Pencil Balancer A Bit Noisy For Desk Use

Who wouldn’t want to install this little bot as your newest pencil holder? Place a pencil tip-down and it will keep it from falling using two motors. There is a Dynamic Vision Sensor for each axis that provides feedback, but it’s not the same as using a camera. These sensors pick up changes in pixel contrast, outputting a positive or negative number based on the direction the pencil is beginning to fall. An NXP2103 running at 64 MHz reads in the values and drives the pair of servo motors accordingly.

If you’re interested in the nitty-gritty the full paper is available from the page linked above. It goes into great detail about the algorithm used, and includes plots and histograms showing the data capture during a balancing session. Or you can skip the eggheaded exercises and watch the video after the break.

[youtube=http://www.youtube.com/watch?v=f9UngTdngY4&w=470]

[via ycombinator]

22 thoughts on “Pencil Balancer A Bit Noisy For Desk Use

  1. I was just thinking of the possibilities if you could scale this thing up! This would be fun if you could scale it all the way up for a person. Then sell it to the Tomato juice company V8 for a witty commercial. :)

  2. Scaling this up is easy, try balancing a pencil on a fingertip, then try balancing a broom on your nose.

    The broom is easier to do.

    Balancing larger objects is somewhat easy by comparison.

  3. I am just wondering if it is possible to get the accuracy tight enough to stabilize the pencils so that the motion is not as erratic.

    I imagine you would need finer control over the servos?
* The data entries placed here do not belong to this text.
lemma inner_eq_one_iff_unit:
  fixes x y :: "'a::real_inner"
  assumes "norm x = 1" and "norm y = 1"
  shows "x \<bullet> y = 1 \<longleftrightarrow> y = x"
  using norm_cauchy_schwarz_eq[of x y] assms by auto

section \<open>Components of the complement of a closed set in an interval\<close>

lemma component_absorbs_neighbourhood:
  fixes Z :: "real set"
  assumes "closed Z" and C: "C \<in> components ({a0..b0} - Z)"
    and x: "x \<in> closure C" "x \<in> {a0..b0}" "x \<notin> Z"
  shows "\<exists>\<epsilon>>0. {a0..b0} \<inter> ball x \<epsilon> \<subseteq> C"
proof -
  have "C \<noteq> {}" and CS: "C \<subseteq> {a0..b0} - Z" and "connected C"
    using C by (auto simp: in_components_maximal)
  obtain \<epsilon> where "\<epsilon> > 0" and \<epsilon>: "ball x \<epsilon> \<subseteq> - Z"
    using \<open>closed Z\<close> x(3) by (metis Compl_iff open_Compl open_contains_ball)
  define T where "T = {a0..b0} \<inter> ball x \<epsilon>"
  obtain c where "c \<in> C" "dist c x < \<epsilon>" using x(1) \<open>\<epsilon> > 0\<close> closure_approachable by blast
  then have "c \<in> T \<inter> C" using CS by (auto simp: T_def dist_commute)
  moreover have "connected T" unfolding T_def by (intro convex_connected convex_Int) simp_all
  ultimately have "connected (T \<union> C)" using connected_Un \<open>connected C\<close> by blast
  moreover have "T \<subseteq> {a0..b0} - Z" using \<epsilon> by (auto simp: T_def)
  ultimately have "T \<union> C = C"
    using C CS \<open>C \<noteq> {}\<close> unfolding in_components_maximal by blast
  then show ?thesis using \<open>\<epsilon> > 0\<close> unfolding T_def by blast
qed

lemma component_Inf_in_complement:
  fixes Z :: "real set"
  assumes "closed Z" and C: "C \<in> components ({a0..b0} - Z)" and "a0 \<notin> C"
  shows "Inf C \<in> Z" and "Inf C \<in> {a0..b0}"
proof -
  have "C \<noteq> {}" and CS: "C \<subseteq> {a0..b0} - Z" using C by (auto simp: in_components_maximal)
  then have "bdd_below C" by (intro bdd_belowI[of C a0]) auto
  then have cl: "Inf C \<in> closure C" using closure_contains_Inf \<open>C \<noteq> {}\<close> by blast
  moreover have "closure C \<subseteq> {a0..b0}" using CS by (intro closure_minimal) auto
  ultimately show "Inf C \<in> {a0..b0}" by auto
  show "Inf C \<in> Z"
  proof (rule ccontr)
    assume "Inf C \<notin> Z"
    then obtain \<epsilon> where "\<epsilon> > 0" and \<epsilon>: "{a0..b0} \<inter> ball (Inf C) \<epsilon> \<subseteq> C"
      using component_absorbs_neighbourhood[OF \<open>closed Z\<close> C cl \<open>Inf C \<in> {a0..b0}\<close>] by blast
    then have "Inf C \<in> C" using \<open>Inf C \<in> {a0..b0}\<close> by auto
    then have "a0 < Inf C" using \<open>Inf C \<in> {a0..b0}\<close> \<open>a0 \<notin> C\<close> by (cases "Inf C = a0") auto
    then have "max a0 (Inf C - \<epsilon> / 2) \<in> C"
      using \<epsilon> \<open>\<epsilon> > 0\<close> \<open>Inf C \<in> {a0..b0}\<close> by (auto simp: dist_real_def)
    then have "Inf C \<le> max a0 (Inf C - \<epsilon> / 2)" using \<open>bdd_below C\<close> by (rule cInf_lower)
    then show False using \<open>a0 < Inf C\<close> \<open>\<epsilon> > 0\<close> by simp
  qed
qed

lemma component_Sup_in_complement:
  fixes Z :: "real set"
  assumes "closed Z" and C: "C \<in> components ({a0..b0} - Z)" and "b0 \<notin> C"
  shows "Sup C \<in> Z" and "Sup C \<in> {a0..b0}"
proof -
  have "C \<noteq> {}" and CS: "C \<subseteq> {a0..b0} - Z" using C by (auto simp: in_components_maximal)
  then have "bdd_above C" by (intro bdd_aboveI[of C b0]) auto
  then have cl: "Sup C \<in> closure C" using closure_contains_Sup \<open>C \<noteq> {}\<close> by blast
  moreover have "closure C \<subseteq> {a0..b0}" using CS by (intro closure_minimal) auto
  ultimately show "Sup C \<in> {a0..b0}" by auto
  show "Sup C \<in> Z"
  proof (rule ccontr)
    assume "Sup C \<notin> Z"
    then obtain \<epsilon> where "\<epsilon> > 0" and \<epsilon>: "{a0..b0} \<inter> ball (Sup C) \<epsilon> \<subseteq> C"
      using component_absorbs_neighbourhood[OF \<open>closed Z\<close> C cl \<open>Sup C \<in> {a0..b0}\<close>] by blast
    then have "Sup C \<in> C" using \<open>Sup C \<in> {a0..b0}\<close> by auto
    then have "Sup C < b0" using \<open>Sup C \<in> {a0..b0}\<close> \<open>b0 \<notin> C\<close> by (cases "Sup C = b0") auto
    then have "min b0 (Sup C + \<epsilon> / 2) \<in> C"
      using \<epsilon> \<open>\<epsilon> > 0\<close> \<open>Sup C \<in> {a0..b0}\<close> by (auto simp: dist_real_def)
    then have "min b0 (Sup C + \<epsilon> / 2) \<le> Sup C" using \<open>bdd_above C\<close> by (rule cSup_upper)
    then show False using \<open>Sup C < b0\<close> \<open>\<epsilon> > 0\<close> by simp
  qed
qed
Then again I am not exactly an engineer.

    If you could manage to get this thing scaled DOWN and accurate/quiet enough with cheap enough parts this thing would make an amazing desk toy in the future.

  4. RussWill, this is using a PD loop at 500Hz, the I component isn’t necessary for a system like this. Its probably oscillating because of the limited speed of the cameras and servos relative to the rapid movement of the pencil.

  5. This is much more impressive than the inverted pendulum demonstration many of us did in school. You’d have a fighting change at trying to balance those long rods on your finger — with a pencil it’s hopeless (at least for me).

    The PID controller is a great “first cut” controller because there’s easy physical intuition to how it works, and indeed it works well for many, many systems. For some systems it doesn’t work very well, however, especially if you have sensor or process noise you’d like to attenuate.

  6. If it was driven with voice coils like the head in a HDD it would be quiet and quick enough to seem motionless, maybe the lens positioners from a couple old cdrom drives could be hacked?

  7. Not two “ordinary” cameras… The “cameras” described in the linked web page are analog “retinas” that detect and report contrast changes of changed pixels only, at up to hundreds of “frames” per second, giving a small enough quantity of output data to be processed with only a small processing load. That is what allows detection speed fast enough to balance a pencil, which is too small for a human to balance.

  8. I think the erratic movement makes for a neat display of how it works. I dont know if the prosesor is just to slow or if its just bad math or just done on purpose but its much more interesting to watch than something perfectly balanced.
    Nice Work.

  9. @robwentworth

    i know loads of jugglers who can balance itens smaller than a pencil on their nose. teaspoons are quite popular. but i have seen a few people balancing cigarettes and once

    there even one guy who balances a juggling club on the top of his head, where he can’t actualy see it!!

    i read an article in Cascade (the european jugglers journal) a few years back that explained that the movements that a juggler makes are actually faster than the ammount of time it takes for the the brain to comunicate with the muscles. the cited a principle called “dynamic noise” that was apparently also used in the design of aircraft wings. apparently just adding a small random wiggle makes the whole system more stable.

  10. @Ewan
    The reason this works is that the ‘random’ but predictable noise can be compensated for by the control algorithm. A random, even if smaller, unpredictable noise is much harder to compensate for.

  11. 2psuedonymous:
    > A random, even if smaller, unpredictable noise is much harder to compensate for.
    I think we can use it as RNG in cryptography :-)

    i also guess that it’s possible to make it more stable using proper algorithms. but if it was 100% stable it would look like any other pencil holder, so the motion is cool – almost like lava lamp :-)

  12. Very cool project and I do agree with making operate more quietly as well as an algorithm to stabilize the pencil. The issue I have is with the writer/creator making poor comparisons.

    What is most bothersome about the article is the claim about how they are simulating an animal (human) eye to get data, but they use optical sensors at 90* of each other. What animal has eyes at 90* apart?

  13. Scale it up to a person? I can already stand up and don’t need to be madly corrected by external devices to keep standing up.

    Well maybe after a great many hours or drinks I might :)

    So scale it up and put a palace guard on it at the end of his shift you mean, or a brit or irishman when pubs close?